I likewise appreciate your compassionate, conscious approach to eating!
Peter
Hi Peter-
ReplyDeleteOne of Lierre Keith's key points - and I think you would get a lot from reading her book - is that there is no one size fits all answer to "what is the responsible thing to eat." Much depends on where one lives. Organic and vegetarian is not a universal solution, for reasons she and the Weston Price folks go into in great detail. Personally I could be happy as a clam on a lifetime diet of South Indian vegetarian food, but it isn't healthy and not what our bodies are designed to eat. The evidence against grain-based diets and vegetarianism is compelling to me and I say this as someone who truly doesn't crave meat and could quite easily get by without eating it if I thought it was the right choice.
Gary Snyder addresses the population issue earlier in the same essay I quoted in my post (p. 177 of "The Practice of the Wild"):
"There are criteria for discussing the carrying capacity of the planet. Proposing an ecologically optimal number of humans is not an automatic demand that some be killed or that abortion become mandatory, as some people seem to think. It is a proposal for discussion. If acted on, the reduction in numbers would be accomplished by a lower birthrate over decades or even centuries. I once speculated that 10 percent of the world's current (1990) population of five plus billion might be a target to aim for, one that would guarantee space and habitat for all, including wildlife. My figure has been quotes with a certain disbelief - citing my "obsession with wildnerness." Population was 10 percent of what it is now about the year 1650! At that time the 550 million or so souls on earth were living in the presence of great arthitecture, art, and literature and debating long-established philosophies and religions - the same ones we are still grappling with."
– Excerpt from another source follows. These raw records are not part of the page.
lemma exists_norming_functional:
  fixes u :: "'v::real_normed_vector"
  assumes "fin_dim_space TYPE('v)" "u \<noteq> 0"
  obtains g :: "'v \<Rightarrow>\<^sub>L real" where "norm g = 1" "blinfun_apply g u = norm u"
proof -
  obtain B :: "'v set" where B: "finite B" "span B = UNIV"
    using assms(1) unfolding fin_dim_space_def by blast
  then have UNIV: "span (insert u B) = UNIV" using span_mono[of B "insert u B"] by auto
  obtain g where g: "linear_on UNIV g" "g u = norm u" "\<forall>x\<in>UNIV. g x \<le> norm x"
    by (rule exists_norming_linear_on_span[OF B(1) assms(2), unfolded UNIV])
  have add: "g (x + y) = g x + g y" and scale: "g (r *\<^sub>R x) = r * g x" for x y r
    using g(1) by (simp_all add: linear_on_def)
  have abs_le: "\<bar>g x\<bar> \<le> norm x" for x
  proof -
    have "g (- x) \<le> norm (- x)" "g x \<le> norm x" using g(3) by blast+
    then show ?thesis using scale[of "- 1" x] by (simp add: abs_le_iff)
  qed
  have "bounded_linear g"
    using add scale abs_le by (intro bounded_linear_intro[where K = 1]) auto
  then have G: "blinfun_apply (Blinfun g) = g" by (rule bounded_linear_Blinfun_apply)
  have "norm (Blinfun g) \<le> 1" by (rule norm_blinfun_bound) (simp_all add: G abs_le)
  moreover have "norm u \<le> norm (Blinfun g) * norm u" using norm_blinfun[of "Blinfun g" u] g(2) G by simp
  then have "1 \<le> norm (Blinfun g)" using assms(2) by simp
  ultimately have "norm (Blinfun g) = 1" by simp
  then show thesis using that[of "Blinfun g"] G g(2) by simp
qed

section \<open>Dual spaces\<close>

lemma functional_in_span_if_common_kernel:
  fixes E :: "('v::real_normed_vector \<Rightarrow>\<^sub>L real) set"
  assumes "finite E" "\<And>x. \<forall>e\<in>E. blinfun_apply e x = 0 \<Longrightarrow> blinfun_apply f x = 0"
  shows "f \<in> span E"
  using assms
proof (induction E arbitrary: f rule: finite_induct)
  case empty
  then have "f = 0" by (intro blinfun_eqI) simp
  then show ?case by simp
next
  case (insert e E)
  show ?case
  proof (cases "\<forall>x. (\<forall>e'\<in>E. blinfun_apply e' x = 0) \<longrightarrow> blinfun_apply e x = 0")
    case True
    then have "f \<in> span E" using insert.prems by (intro insert.IH) auto
    then show ?thesis using span_mono[of E "insert e E"] by blast
  next
    case False
    then obtain z0 where z0: "\<forall>e'\<in>E. blinfun_apply e' z0 = 0" "blinfun_apply e z0 \<noteq> 0" by blast
    define z where "z = z0 /\<^sub>R blinfun_apply e z0"
    have z: "\<forall>e'\<in>E. blinfun_apply e' z = 0" "blinfun_apply e z = 1"
      using z0 by (simp_all add: z_def blinfun.scaleR_right)
    define h where "h = f - blinfun_apply f z *\<^sub>R e"
    have "blinfun_apply h x = 0" if x: "\<forall>e'\<in>E. blinfun_apply e' x = 0" for x
    proof -
      have "\<forall>e'\<in>insert e E. blinfun_apply e' (x - blinfun_apply e x *\<^sub>R z) = 0"
        using x z by (auto simp: blinfun.diff_right blinfun.scaleR_right)
      then have "blinfun_apply f (x - blinfun_apply e x *\<^sub>R z) = 0" by (rule insert.prems)
      then show ?thesis
        unfolding h_def by (simp add: blinfun.diff_right blinfun.scaleR_right blinfun.diff_left blinfun.scaleR_left)
    qed
    then have "h \<in> span E" by (rule insert.IH)
    then have "h \<in> span (insert e E)" using span_mono[of E "insert e E"] by blast
    moreover have "blinfun_apply f z *\<^sub>R e \<in> span (insert e E)" by (simp add: span_base span_scale)
    ultimately have "h + blinfun_apply f z *\<^sub>R e \<in> span (insert e E)" by (rule span_add)
    then show ?thesis unfolding h_def by simp
  qed
qed

lemma independent_functionals_dual_vector:
  fixes G :: "('v::real_normed_vector \<Rightarrow>\<^sub>L real) set"
  assumes "finite G" "independent G" "g \<in> G"
  obtains y where "blinfun_apply g y = 1" "\<forall>g'\<in>G - {g}. blinfun_apply g' y = 0"
proof -
  have "g \<notin> span (G - {g})" using assms(2,3) dependent_def by blast
  then obtain x where x: "\<forall>e\<in>G - {g}. blinfun_apply e x = 0" "blinfun_apply g x \<noteq> 0"
    using functional_in_span_if_common_kernel[of "G - {g}" g] assms(1) by blast
  show thesis
    by (rule that[of "x /\<^sub>R blinfun_apply g x"]) (use x in \<open>auto simp: blinfun.scaleR_right\<close>)
qed

lemma fin_dim_space_dual:
  assumes "fin_dim_space TYPE('v::real_normed_vector)"
  shows "fin_dim_space TYPE('v \<Rightarrow>\<^sub>L real)" "dim (UNIV :: ('v \<Rightarrow>\<^sub>L real) set) \<le> dim (UNIV :: 'v set)"
proof -
  obtain B :: "'v set" where B: "finite B" "independent B" "span B = UNIV"
    using assms by (rule fin_dim_space_basis)
  have "\<forall>b. \<exists>h. linear h \<and> (\<forall>x\<in>B. h x = (if x = b then 1 else (0::real)))"
    using linear_independent_extend[OF B(2)] by (intro allI)
  then obtain h :: "'v \<Rightarrow> 'v \<Rightarrow> real" where "\<forall>b. linear (h b) \<and> (\<forall>x\<in>B. h b x = (if x = b then 1 else 0))"
    by (rule choice[THEN exE])
  then have h: "\<And>b. linear (h b)" "\<And>b x. x \<in> B \<Longrightarrow> h b x = (if x = b then 1 else 0)"
    by simp_all
  define e where "e b = Blinfun (h b)" for b
  have e: "blinfun_apply (e b) = h b" for b
    unfolding e_def using fin_dim_space_linear_imp_bounded_linear[OF assms h(1)]
    by (rule bounded_linear_Blinfun_apply)
  have "f = (\<Sum>b\<in>B. blinfun_apply f b *\<^sub>R e b)" for f :: "'v \<Rightarrow>\<^sub>L real"
  proof (rule blinfun_eqI)
    fix x :: 'v
    have "x \<in> span B" using B(3) by simp
    show "blinfun_apply f x = blinfun_apply (\<Sum>b\<in>B. blinfun_apply f b *\<^sub>R e b) x"
    proof (rule linear_eq_on_span[OF _ _ _ \<open>x \<in> span B\<close>])
      fix b' assume "b' \<in> B"
      then have "(\<Sum>b\<in>B. blinfun_apply f b * h b b') = blinfun_apply f b'"
        using B(1) by (simp add: h(2) if_distrib cong: if_cong)
      then show "blinfun_apply f b' = blinfun_apply (\<Sum>b\<in>B. blinfun_apply f b *\<^sub>R e b) b'"
        by (simp add: blinfun.sum_left blinfun.scaleR_left e)
    qed (intro bounded_linear.linear blinfun.bounded_linear_right)+
  qed
  then have "f \<in> span (e ` B)" for f
    by (metis (no_types, lifting) image_eqI span_base span_scale span_sum)
  then have span: "span (e ` B) = UNIV" by auto
  then show "fin_dim_space TYPE('v \<Rightarrow>\<^sub>L real)"
    unfolding fin_dim_space_def using B(1) by blast
  have "dim (UNIV :: ('v \<Rightarrow>\<^sub>L real) set) \<le> card (e ` B)"
    using span B(1) by (intro dim_le_card) auto
  also have "\<dots> \<le> card B" using B(1) by (rule card_image_le)
  also have "\<dots> = dim (UNIV :: 'v set)" using B by (simp add: basis_card_eq_dim)
  finally show "dim (UNIV :: ('v \<Rightarrow>\<^sub>L real) set) \<le> dim (UNIV :: 'v set)" .
qed

lemma J_set_nonempty:
  assumes "fin_dim_space TYPE('z::real_normed_vector)" "norm (z::'z) = 1"
  shows "J_set z \<noteq> {}"
proof -
  obtain g :: "'z \<Rightarrow>\<^sub>L real" where "norm g = 1" "blinfun_apply g z = norm z"
    by (rule exists_norming_functional[OF assms(1), of z]) (use assms(2) in auto)
  then show ?thesis using assms(2) unfolding J_set_def by auto
qed

lemma blinfun_apply_le_norm:
  fixes g :: "'v::real_normed_vector \<Rightarrow>\<^sub>L real"
  shows "blinfun_apply g v \<le> norm g * norm v"
  using norm_blinfun[of g v] by simp

section \<open>Perturbing an operator of norm one\<close>

lemma norm_blinfun_gt_imp_unit_vector:
  fixes A :: "'a::real_normed_vector \<Rightarrow>\<^sub>L 'b::real_normed_vector"
  assumes "c < norm A" "0 \<le> c"
  obtains x where "norm x = 1" "c < norm (blinfun_apply A x)"
proof -
  have "\<exists>x. norm x = 1 \<and> c < norm (blinfun_apply A x)"
  proof (rule ccontr)
    assume small: "\<nexists>x. norm x = 1 \<and> c < norm (blinfun_apply A x)"
    have "norm (blinfun_apply A x) \<le> c * norm x" for x
    proof (cases "x = 0")
      case False
      then have "norm (x /\<^sub>R norm x) = 1" by simp
      then have "\<not> c < norm (blinfun_apply A (x /\<^sub>R norm x))" using small by blast
      then show ?thesis using False by (simp add: blinfun.scaleR_right field_simps)
    qed simp
    then have "norm A \<le> c" using assms(2) by (rule norm_blinfun_bound[rotated])
    then show False using assms(1) by simp
  qed
  then show thesis using that by blast
qed

lemma perturbed_norming_pair:
  fixes T S :: "'a::real_normed_vector \<Rightarrow>\<^sub>L 'b::real_normed_vector"
    and f :: "('a \<Rightarrow>\<^sub>L 'b) \<Rightarrow>\<^sub>L real"
  assumes fin: "fin_dim_space TYPE('b)" and T: "norm T = 1" and f: "f \<in> J_set T"
    and fS: "0 < blinfun_apply f S" and t: "0 < t"
  obtains x and g :: "'b \<Rightarrow>\<^sub>L real" where "norm x = 1" "norm g = 1"
    "1 < blinfun_apply g (blinfun_apply T x + t *\<^sub>R blinfun_apply S x)"
    "blinfun_apply f S / 2 < blinfun_apply g (blinfun_apply S x)"
proof -
  define \<epsilon> where "\<epsilon> = blinfun_apply f S / 2"
  have "t * \<epsilon> < t * blinfun_apply f S" using fS t by (simp add: \<epsilon>_def)
  then have "1 + t * \<epsilon> < blinfun_apply f (T + t *\<^sub>R S)"
    using f by (simp add: J_set_def blinfun.add_right blinfun.scaleR_right)
  also have "\<dots> \<le> norm (T + t *\<^sub>R S)"
    using blinfun_apply_le_norm[of f] f by (simp add: J_set_def)
  finally obtain x where x: "norm x = 1" "1 + t * \<epsilon> < norm (blinfun_apply (T + t *\<^sub>R S) x)"
    using fS t by (elim norm_blinfun_gt_imp_unit_vector) (simp_all add: \<epsilon>_def)
  define u where "u = blinfun_apply T x + t *\<^sub>R blinfun_apply S x"
  have u: "1 + t * \<epsilon> < norm u"
    using x(2) by (simp add: u_def blinfun.add_left blinfun.scaleR_left)
  have "0 \<le> t * \<epsilon>" using fS t by (simp add: \<epsilon>_def)
  then have "u \<noteq> 0" using u by auto
  then obtain g :: "'b \<Rightarrow>\<^sub>L real" where g: "norm g = 1" "blinfun_apply g u = norm u"
    using exists_norming_functional[OF fin] by blast
  have "blinfun_apply g (blinfun_apply T x) \<le> norm (blinfun_apply T x)"
    using blinfun_apply_le_norm[of g] g(1) by simp
  also have "\<dots> \<le> 1" using norm_blinfun[of T x] T x(1) by simp
  finally have "t * \<epsilon> < t * blinfun_apply g (blinfun_apply S x)"
    using u g(2) by (simp add: u_def blinfun.add_right blinfun.scaleR_right)
  then have "\<epsilon> < blinfun_apply g (blinfun_apply S x)" using t by simp
  then show thesis using that x(1) g u \<open>0 \<le> t * \<epsilon>\<close> unfolding u_def \<epsilon>_def by simp
qed

lemma limit_of_perturbed_norming_pairs:
  fixes T S :: "'a::real_normed_vector \<Rightarrow>\<^sub>L 'b::real_normed_vector"
    and x :: "nat \<Rightarrow> 'a" and g :: "nat \<Rightarrow> 'b \<Rightarrow>\<^sub>L real"
  assumes fin_a: "fin_dim_space TYPE('a)" and fin_b: "fin_dim_space TYPE('b)" and T: "norm T = 1"
    and unit: "\<And>k. norm (x k) = 1" "\<And>k. norm (g k) = 1" and t: "t \<longlonglongrightarrow> 0"
    and big: "\<And>k. 1 < blinfun_apply (g k) (blinfun_apply T (x k) + t k *\<^sub>R blinfun_apply S (x k))"
    and pos: "\<And>k. c < blinfun_apply (g k) (blinfun_apply S (x k))"
  obtains x0 g0 where "x0 \<in> M_op T" "g0 \<in> J_set (blinfun_apply T x0)"
    "c \<le> blinfun_apply g0 (blinfun_apply S x0)"
proof -
  have "compact (sphere (0::'a) 1 \<times> sphere (0::'b \<Rightarrow>\<^sub>L real) 1)"
    by (intro compact_Times fin_dim_space_compact_sphere fin_a fin_dim_space_dual(1) fin_b)
  moreover have "\<forall>k. (x k, g k) \<in> sphere 0 1 \<times> sphere 0 1" using unit by simp
  ultimately obtain l r where l: "l \<in> sphere 0 1 \<times> sphere 0 1"
    and r: "strict_mono r" "((\<lambda>k. (x k, g k)) \<circ> r) \<longlonglongrightarrow> l"
    by (rule seq_compactE[OF compact_imp_seq_compact])
  obtain x0 g0 where l_eq: "l = (x0, g0)" by fastforce
  have x0: "(\<lambda>k. x (r k)) \<longlonglongrightarrow> x0" and g0: "(\<lambda>k. g (r k)) \<longlonglongrightarrow> g0"
    using tendsto_fst[OF r(2)] tendsto_snd[OF r(2)] by (simp_all add: l_eq o_def)
  have "(\<lambda>k. t (r k)) \<longlonglongrightarrow> 0" using LIMSEQ_subseq_LIMSEQ[OF t r(1)] by (simp add: o_def)
  then have "(\<lambda>k. blinfun_apply (g (r k)) (blinfun_apply T (x (r k)) + t (r k) *\<^sub>R blinfun_apply S (x (r k))))
      \<longlonglongrightarrow> blinfun_apply g0 (blinfun_apply T x0 + 0 *\<^sub>R blinfun_apply S x0)"
    using x0 g0 by (intro tendsto_intros)
  then have g0_Tx0: "1 \<le> blinfun_apply g0 (blinfun_apply T x0)"
    using big by (intro LIMSEQ_le_const) (auto intro: less_imp_le)
  have "(\<lambda>k. blinfun_apply (g (r k)) (blinfun_apply S (x (r k)))) \<longlonglongrightarrow> blinfun_apply g0 (blinfun_apply S x0)"
    using x0 g0 by (intro tendsto_intros)
  then have "c \<le> blinfun_apply g0 (blinfun_apply S x0)"
    using pos by (intro LIMSEQ_le_const) (auto intro: less_imp_le)
  moreover have norms: "norm x0 = 1" "norm g0 = 1" using l by (simp_all add: l_eq)
  have "blinfun_apply g0 (blinfun_apply T x0) \<le> norm (blinfun_apply T x0)"
    using blinfun_apply_le_norm[of g0] norms by simp
  moreover have "norm (blinfun_apply T x0) \<le> 1" using norm_blinfun[of T x0] T norms by simp
  ultimately show thesis
    using g0_Tx0 norms T by (intro that) (auto simp: M_op_def J_set_def)
qed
The huge increase in population we've had since about 1950 is almost entirely due to petrochemically "juiced" agriculture since WWII. Again Keith and others go into the numbers so I won't go into this at length, but bottom line is it looks to me like the planet will get to somehting like Snyder's optimal numbers (the same as Keith's) eventually anyway, albeit with incalculable suffering and catastrophe along the way.
No we're not going to see a return to hunter/gatherer lifestyles, but without a recognition of the depth of the mess we've made for ourselves we're in no position to plan for a better future. "Sustainable organic agriculture" needs to be seen for the oxymoron that it is. More profoundly, we ought to be able to talk seriously about plans for reducing human population on the scale Snyder and Keith are talking about out of a love for the vast number of species that our numbers continue to render extinct, the vanishing forests, polluted and decimated oceans, on and on. In light of those realities I think that the radicalism of folks like Keith and, more articulately, Derrick Jensen and other "anarcho primitives" looks more and more like plain common sense given the predicament our planet is in. In that context one sees pretty quickly how ludicrous it is to think that individual dietary choices we might make are going to make a meaniungful difference in saving or damning the planet.